Whether the natural tension between innovation and order turns into paralyzing conflict or creative interplay really depends on how the company is led. Each company needs to find its own balance between life-giving innovation and life-sustaining organization.

So all companies need to be innovative at some level?

Yes! I don’t want to torture the metaphor, but a company really is like a living organism. It has to renew itself to adapt to changing conditions. Most of the big companies that we now see as pillars of stability were founded on innovative ideas and have had innovative shifts of direction along the way. A lot of other companies that were giants in their day failed to adapt effectively and are history.

Why is innovative thinking important under current conditions?

Innovation helps companies to:

  • Find creative ways of keeping the same level of service without using the same level of resources.

  • Retain top performers. People get a sense of satisfaction from creating something new (breakthrough) or making something better (incremental). I personally stayed with a company six years longer than I had planned because of the variety of projects I had there and the level of creativity my management encouraged.

  • Enhance teambuilding efforts. Teamwork and innovation go hand-in-hand. Where you have innovation, you almost always find cross-functional and specialist teams working to carry it out. I would also support the notion that a truly team-based organization is more likely to foster an innovative environment.

Today, are companies giving more weight to their stable side in order to make stakeholders, employees, and customers feel more secure?

These are obviously unusual times and leaders can’t be faulted for feeling anxious. Companies will have reactions to stress as varied as individuals have. Some are paralyzed by the slightest threat; I have seen companies doing things akin to applying the brakes to a car that is already stopped, as if that will somehow help. Others are naturally agile or are shaken out of their complacency, and they take advantage of the turmoil to try something new.

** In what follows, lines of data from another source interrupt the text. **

(* Over all 3-periodics of $\mathcal{E}$, the circumcenter $X_3^\dagger$ of the focus-inversive triangle moves on the circle with center and radius \[C_3^\dagger=\left(-c\left(1+\rho^2\frac{a^2+b^2}{2b^4}\right),0\right),\qquad R_3^\dagger=\rho^2\,\frac{a(\delta-b^2)}{2b^4}.\]
   Context: Let $a>b>0$ and let $\mathcal{E}$ be the ellipse $x^2/a^2+y^2/b^2=1$. Set $c=\sqrt{a^2-b^2}$, $\delta=\sqrt{a^4-a^2b^2+b^4}$, and let the foci be $f_1=(-c,0)$, $f_2=(c,0)$. A 3-periodic is a triangle $P_1P_2P_3$ with vertices on $\mathcal{E}$ such that at each vertex the normal to $\mathcal{E}$ bisects the angle formed by the two sides meeting at that vertex; these form a one-parameter family (one through every point of $\mathcal{E}$). Fix $\rho>0$; the focus-inversive triangle has vertices $P_i^\dagger=f_1+(\rho/d_{1,i})^2(P_i-f_1)$, $d_{1,i}=|P_i-f_1|$. *)

theory Defs
  imports "HOL-Analysis.Analysis"
begin

text \<open>Points of the plane are pairs of reals; dist / norm / inner on real \<times> real are Euclidean.\<close>

definition on_ellipse :: "real \<Rightarrow> real \<Rightarrow> real \<times> real \<Rightarrow> bool" where
  "on_ellipse a b P \<longleftrightarrow> (fst P)\<^sup>2 / a\<^sup>2 + (snd P)\<^sup>2 / b\<^sup>2 = 1"

text \<open>A normal vector to the ellipse at P (gradient of the defining function, up to factor 2).\<close>
definition ellipse_normal :: "real \<Rightarrow> real \<Rightarrow> real \<times> real \<Rightarrow> real \<times> real" where
  "ellipse_normal a b P = (fst P / a\<^sup>2, snd P / b\<^sup>2)"

text \<open>At vertex P with neighbours Q and R the normal line bisects the angle QPR:
  the unit vectors from P towards Q and R make equal angles with the normal.\<close>
definition normal_bisects :: "real \<Rightarrow> real \<Rightarrow> real \<times> real \<Rightarrow> real \<times> real \<Rightarrow> real \<times> real \<Rightarrow> bool" where
  "normal_bisects a b P Q R \<longleftrightarrow>
     ((Q - P) \<bullet> ellipse_normal a b P) / norm (Q - P)
       = ((R - P) \<bullet> ellipse_normal a b P) / norm (R - P)"

definition three_periodic :: "real \<Rightarrow> real \<Rightarrow> real \<times> real \<Rightarrow> real \<times> real \<Rightarrow> real \<times> real \<Rightarrow> bool" where
  "three_periodic a b P1 P2 P3 \<longleftrightarrow>
     on_ellipse a b P1 \<and> on_ellipse a b P2 \<and> on_ellipse a b P3 \<and>
     P1 \<noteq> P2 \<and> P2 \<noteq> P3 \<and> P1 \<noteq> P3 \<and>
     normal_bisects a b P1 P2 P3 \<and> normal_bisects a b P2 P3 P1 \<and> normal_bisects a b P3 P1 P2"

definition invert :: "real \<times> real \<Rightarrow> real \<Rightarrow> real \<times> real \<Rightarrow> real \<times> real" where
  "invert f \<rho> P = f + (\<rho> / dist P f)\<^sup>2 *\<^sub>R (P - f)"

definition is_circumcenter :: "real \<times> real \<Rightarrow> real \<times> real \<Rightarrow> real \<times> real \<Rightarrow> real \<times> real \<Rightarrow> bool" where
  "is_circumcenter X A B C \<longleftrightarrow> dist X A = dist X B \<and> dist X B = dist X C"

end

theory Submission
  imports Defs
begin

text \<open>
A line \<open>u \<bullet> X = p\<close> with \<open>|u| = 1\<close> touches the confocal conic
\<open>x\<^sup>2 / (a\<^sup>2 - l) + y\<^sup>2 / (b\<^sup>2 - l) = 1\<close> exactly when
\<open>l = a\<^sup>2 u\<^sub>1\<^sup>2 + b\<^sup>2 u\<^sub>2\<^sup>2 - p\<^sup>2\<close>, and the bisection condition at a vertex
says that the two sides through it give the same \<open>l\<close>: the sides of a 3-periodic touch a
common confocal caustic. In the eccentric coordinate \<open>z\<close> of the unit circle
(\<open>P = (a Re z, b Im z)\<close>) tangency becomes a symmetric biquadratic relation between the
endpoints of a side, and three points related pairwise in this way force the closure condition
\<open>t\<^sup>2 + 2 q = 3\<close>, which determines the caustic in terms of \<open>\<delta>\<close>.

A circle meets the ellipse in four points whose eccentric coordinates multiply to 1. Taking the
fourth point \<open>1 / (z\<^sub>1 z\<^sub>2 z\<^sub>3)\<close> shows that the circumcircle of a 3-periodic has a
centre \<open>C\<close> with \<open>|P - C|\<^sup>2 = |C|\<^sup>2 + \<delta>\<close> and that \<open>C\<close> moves on an ellipse.
Inversion about the focus \<open>f\<close> maps this circle to a circle through the inverted vertices,
whose centre \<open>f + \<rho>\<^sup>2 (C - f) / pow\<^sub>f\<close> is therefore \<open>X\<^sub>3\<^sup>\<dagger>\<close>; substituting the
locus of \<open>C\<close> gives the circle of the theorem.
\<close>

section \<open>Circumcentres in the plane\<close>

definition det2 :: "real \<times> real \<Rightarrow> real \<times> real \<Rightarrow> real" where
  "det2 u v = fst u * snd v - snd u * fst v"

lemma dist_sq_Pair: "(dist (x, y) (u, v))\<^sup>2 = (x - u)\<^sup>2 + (y - v)\<^sup>2"
  by (simp add: dist_Pair_Pair dist_real_def)

lemma perpendicular_det2_eq_0:
  fixes u m w :: "real \<times> real"
  assumes "u \<noteq> 0" "u \<bullet> m = 0" "u \<bullet> w = 0"
  shows "det2 m w = 0"
proof -
  obtain u1 u2 m1 m2 w1 w2 where uv: "u = (u1, u2)" "m = (m1, m2)" "w = (w1, w2)"
    by (cases u, cases m, cases w)
  have "u1 * m1 + u2 * m2 = 0" "u1 * w1 + u2 * w2 = 0"
    using assms(2,3) by (simp_all add: uv inner_Pair)
  then have "u1 * (m1 * w2 - m2 * w1) = 0" "u2 * (m1 * w2 - m2 * w1) = 0"
    by algebra+
  then show ?thesis
    using assms(1) by (auto simp: uv det2_def zero_prod_def)
qed

lemma collinear_not_circumcenter:
  assumes "det2 (B - A) (C - A) = 0" "A \<noteq> B" "A \<noteq> C" "B \<noteq> C"
  shows "\<not> is_circumcenter X A B C"
proof
  assume "is_circumcenter X A B C"
  define m w g where "m = B - A" and "w = C - A" and "g = X - A"
  have "(norm g)\<^sup>2 = (norm (g - m))\<^sup>2" "(norm g)\<^sup>2 = (norm (g - w))\<^sup>2"
    using \<open>is_circumcenter X A B C\<close>
    by (simp_all add: is_circumcenter_def dist_norm norm_minus_commute m_def w_def g_def)
  then have gm: "2 * (g \<bullet> m) = m \<bullet> m" and gw: "2 * (g \<bullet> w) = w \<bullet> w"
    by (simp_all add: power2_norm_eq_inner inner_diff inner_commute)
  obtain m1 m2 w1 w2 g1 g2 where v: "m = (m1, m2)" "w = (w1, w2)" "g = (g1, g2)"
    by (cases m, cases w, cases g)
  have "m \<noteq> 0" using assms(2) by (simp add: m_def)
  then have m0: "m1\<^sup>2 + m2\<^sup>2 \<noteq> 0" by (simp add: v sum_power2_eq_zero_iff zero_prod_def)
  have "m1 * w2 = m2 * w1" using assms(1) by (simp add: m_def[symmetric] w_def[symmetric] v det2_def)
  define p where "p = m1 * w1 + m2 * w2"
  \<comment> \<open>in the plane, vanishing determinant makes w a multiple of m\<close>
  have "(m1\<^sup>2 + m2\<^sup>2) * w1 = p * m1" "(m1\<^sup>2 + m2\<^sup>2) * w2 = p * m2"
    using \<open>m1 * w2 = m2 * w1\<close> unfolding p_def by (simp_all add: power2_eq_square algebra_simps)
  moreover have "2 * (g1 * m1 + g2 * m2) = m1\<^sup>2 + m2\<^sup>2" "2 * (g1 * w1 + g2 * w2) = w1\<^sup>2 + w2\<^sup>2"
    using gm gw by (simp_all add: v inner_Pair power2_eq_square)
  ultimately have "(m1\<^sup>2 + m2\<^sup>2) * (w1\<^sup>2 + w2\<^sup>2) = (m1\<^sup>2 + m2\<^sup>2) * p"
    by algebra
  then have ww: "w1\<^sup>2 + w2\<^sup>2 = p" using m0 by (metis mult_left_cancel)
  have "(m1\<^sup>2 + m2\<^sup>2) * (w1\<^sup>2 + w2\<^sup>2) = p\<^sup>2"
    using \<open>m1 * w2 = m2 * w1\<close> unfolding p_def by algebra
  then have "(m1\<^sup>2 + m2\<^sup>2) * p = p\<^sup>2" by (simp only: ww)
  then have "p * (p - (m1\<^sup>2 + m2\<^sup>2)) = 0" by (simp add: power2_eq_square algebra_simps)
  then have "p = 0 \<or> p = m1\<^sup>2 + m2\<^sup>2" by simp
  moreover have "(w1 - m1)\<^sup>2 + (w2 - m2)\<^sup>2 = (w1\<^sup>2 + w2\<^sup>2) - 2 * p + (m1\<^sup>2 + m2\<^sup>2)"
    unfolding p_def by (simp add: power2_eq_square algebra_simps)
  ultimately consider "w1\<^sup>2 + w2\<^sup>2 = 0" | "(w1 - m1)\<^sup>2 + (w2 - m2)\<^sup>2 = 0"
    using ww by fastforce
  moreover have "w \<noteq> 0" "w \<noteq> m" using assms(3,4) by (auto simp: m_def w_def)
  ultimately show False by cases (auto simp: sum_power2_eq_zero_iff v zero_prod_def)
qed

lemma is_circumcenter_unique:
  assumes "is_circumcenter X A B C" "is_circumcenter Y A B C" "A \<noteq> B" "A \<noteq> C" "B \<noteq> C"
  shows "X = Y"
proof (rule ccontr)
  assume "X \<noteq> Y"
  have power_diff: "2 * ((Y - X) \<bullet> P) = (norm Y)\<^sup>2 - (norm X)\<^sup>2 + (dist X P)\<^sup>2 - (dist Y P)\<^sup>2"
    for P :: "real \<times> real"
    by (simp add: dist_norm power2_norm_eq_inner inner_diff inner_commute algebra_simps)
  have "(Y - X) \<bullet> (B - A) = 0" "(Y - X) \<bullet> (C - A) = 0"
    using power_diff[of A] power_diff[of B] power_diff[of C] assms(1,2)
    by (simp_all add: is_circumcenter_def inner_diff_right)
  then have "det2 (B - A) (C - A) = 0"
    using \<open>X \<noteq> Y\<close> by (intro perpendicular_det2_eq_0[of "Y - X"]) auto
  then show False
    using collinear_not_circumcenter assms(1,3-5) by blast
qed

section \<open>Circle inversion\<close>

lemma invert_minus_center: "invert f \<rho> P - f = (\<rho>\<^sup>2 / (norm (P - f))\<^sup>2) *\<^sub>R (P - f)"
  by (simp add: invert_def dist_norm power_divide)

Overall, I sense a kind of uneasy optimism right now, as if the nascent economic recovery is like wet cement that we hope will dry soon before too much graffiti gets scrawled into it.

What can a company do to foster innovation?

Some people are always innovative and some people never are. Most people are somewhere in the middle. I firmly believe that those in the middle take their cues from the overall environment and their immediate leaders. Companies and their leaders need to send a clear message that innovation is valued, refrain from micromanaging employees (because nothing kills the urge to innovate faster), and give employees recognition for their ideas. Since innovation is never a sure-fire thing, some level of failure must be tolerated.

That is the dilemma. Our business world is results oriented, but much of the experimentation that eventually leads to successful innovation is unsuccessful; there’s a lot of “failure” involved in success. Companies that understand that are more likely to give innovators the time, resources, and political support they need to produce something new and better. Companies that are impatient or superficial in their support of innovation remind me of the Chinese proverb about the farmer who felt that his crops were growing too slowly so he decided to help them along by pulling on the roots.

What is the task of an innovative leader?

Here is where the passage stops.